[Dataset entries]
lemma wasserstein_point_mass:
  assumes "finite V" "v \<in> V" "\<forall>x\<in>V. 0 \<le> \<mu> x" "(\<Sum>x\<in>V. \<mu> x) = 1"
  shows "wasserstein V E \<mu> (\<lambda>t. if t = v then 1 else 0) = (\<Sum>x\<in>V. \<mu> x * real (gdist E x v))"
proof -
  let ?\<delta> = "\<lambda>t. if t = v then 1 else 0 :: real"
  define \<pi> where "\<pi> = (\<lambda>x y. if y = v then \<mu> x else 0)"
  have coupling: "coupling V \<mu> ?\<delta> \<pi>"
    unfolding coupling_def \<pi>_def using assms by auto
  note cost = coupling_point_mass_cost[OF assms(1,2), of \<mu> _ E]
  have "{\<Sum>x\<in>V. \<Sum>y\<in>V. \<pi> x y * real (gdist E x y) | \<pi>. coupling V \<mu> ?\<delta> \<pi>}
      = {\<Sum>x\<in>V. \<mu> x * real (gdist E x v)}"
  proof (intro equalityI subsetI)
    fix a assume "a \<in> {\<Sum>x\<in>V. \<Sum>y\<in>V. \<pi> x y * real (gdist E x y) | \<pi>. coupling V \<mu> ?\<delta> \<pi>}"
    then show "a \<in> {\<Sum>x\<in>V. \<mu> x * real (gdist E x v)}" by (auto simp: cost)
  next
    fix a assume "a \<in> {\<Sum>x\<in>V. \<mu> x * real (gdist E x v)}"
    then show "a \<in> {\<Sum>x\<in>V. \<Sum>y\<in>V. \<pi> x y * real (gdist E x y) | \<pi>. coupling V \<mu> ?\<delta> \<pi>}"
      using coupling by (intro CollectI exI[of _ \<pi>] conjI) (simp_all add: cost)
  qed
  then show ?thesis unfolding wasserstein_def by simp
qed

lemma W_laziness_1_exp_sum:
  assumes graph: "simple_graph V E" and pos: "\<forall>x\<in>V. deg V E x > 0"
    and "u \<in> V" "v \<in> V" "0 \<le> \<alpha>" "\<alpha> \<le> 1"
  shows "\<exists>M c. finite M \<and> (\<forall>\<mu>\<in>M. \<bar>\<mu>\<bar> \<le> 1) \<and> (\<forall>k. W V E u v \<alpha> 1 k = (\<Sum>\<mu>\<in>M. c \<mu> * \<mu> ^ k))"
proof -
  have "finite V" using graph unfolding simple_graph_def by auto
  have "W V E u v \<alpha> 1 k
      = (\<Sum>x\<in>V. real (gdist E x v) * (walk_step V E \<alpha> ^^ k) (\<lambda>t. if t = u then 1 else 0) x)" for k
    using wasserstein_point_mass[OF \<open>finite V\<close> \<open>v \<in> V\<close>] walk_dist_distribution[OF graph pos \<open>u \<in> V\<close> assms(5,6)]
    unfolding W_def walk_dist_laziness_1 by (simp add: walk_dist_def mult.commute)
  moreover have "\<exists>M c. finite M \<and> (\<forall>\<mu>\<in>M. \<bar>\<mu>\<bar> \<le> 1) \<and>
      (\<forall>k. (\<Sum>x\<in>V. real (gdist E x v) * (walk_step V E \<alpha> ^^ k) (\<lambda>t. if t = u then 1 else 0) x)
        = (\<Sum>\<mu>\<in>M. c \<mu> * \<mu> ^ k))"
    using walk_kernel_reversible[OF graph pos] walk_kernel_nonneg[OF assms(5,6)]
      walk_kernel_column_sum[OF graph] pos walk_step_eq_walk_kernel[OF graph]
    by (intro reversible_stochastic_kernel_iterates_exp_sum) auto
  ultimately show ?thesis by simp
qed

lemma connected_graph_isolated_vertex:
  assumes "simple_graph V E" "connected_graph V E" "x \<in> V" "deg V E x = 0"
  shows "V = {x}"
proof -
  have "finite V" and edge: "\<And>y z. E y z \<Longrightarrow> y \<in> V \<and> z \<in> V"
    using assms(1) unfolding simple_graph_def by auto
  then have "{y\<in>V. E x y} = {}"
    using assms(4) unfolding deg_def by simp
  then have "\<not> E x y" for y
    using edge by blast
  moreover have "E\<^sup>*\<^sup>* x y" if "y \<in> V" for y
    using assms(2,3) that unfolding connected_graph_def by blast
  ultimately have "y = x" if "y \<in> V" for y
    using that by (metis converse_rtranclpE)
  with assms(3) show ?thesis by blast
qed

text \<open>Without neighbours the lazy walk keeps only the fraction \<alpha> of its mass per step, so for
  k \<ge> 1 a coupling of \<open>\<mu>\<^sub>k\<close> with \<open>\<nu>\<^sub>k\<close> exists iff \<alpha> = 1, independently of k.\<close>
lemma W_single_vertex:
  assumes "simple_graph {x} E" "0 \<le> \<alpha>" "k \<ge> 1"
  shows "W {x} E x x \<alpha> 1 k = W {x} E x x \<alpha> 1 1"
proof -
  have "\<not> E a b" for a b
    using assms(1) unfolding simple_graph_def by blast
  then have "walk_step {x} E \<gamma> p = (\<lambda>t. \<gamma> * p t)" for \<gamma> p
    by (simp add: walk_step_def)
  then have walk: "walk_dist {x} E \<gamma> x j x = \<gamma> ^ j" for \<gamma> j
    by (induction j) (simp_all add: walk_dist_def)
  have "coupling {x} \<mu> \<nu> \<pi> \<longleftrightarrow> 0 \<le> \<pi> x x \<and> \<pi> x x = \<mu> x \<and> \<pi> x x = \<nu> x" for \<mu> \<nu> \<pi>
    unfolding coupling_def by simp
  moreover have "\<alpha> ^ k = 1 \<longleftrightarrow> \<alpha> = 1"
    using power_eq_iff_eq_base[of k \<alpha> 1] assms(2,3) by simp
  then have "p = \<alpha> ^ k \<and> p = 1 \<longleftrightarrow> p = \<alpha> \<and> p = 1" for p :: real
    by auto
  ultimately show ?thesis
    unfolding W_def wasserstein_def by (simp add: walk)
qed

lemma eventually_const_parity:
  fixes a :: "nat \<Rightarrow> real"
  assumes "\<And>k. k \<ge> 1 \<Longrightarrow> a k = a 1"
  shows "eventually_const (\<lambda>k. a (2*k)) \<and> eventually_const (\<lambda>k. a (2*k+1))"
  unfolding eventually_const_def
proof
  have "a (2*k) = a (2*1)" if "k \<ge> 1" for k
    using assms[of "2*k"] assms[of "2*1"] that by simp
  then show "\<exists>N. \<forall>k\<ge>N. a (2*k) = a (2*N)" by blast
  have "a (2*k+1) = a (2*0+1)" for k
    using assms[of "2*k+1"] by simp
  then show "\<exists>N. \<forall>k\<ge>N. a (2*k+1) = a (2*N+1)" by blast
qed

**Exercise brief**: Wherever the string "ultimately" is found in the entries, copy the line it sits in.

**Reply to the task**:
  ultimately show ?thesis by simp
  ultimately have "y = x" if "y \<in> V" for y
  ultimately show ?thesis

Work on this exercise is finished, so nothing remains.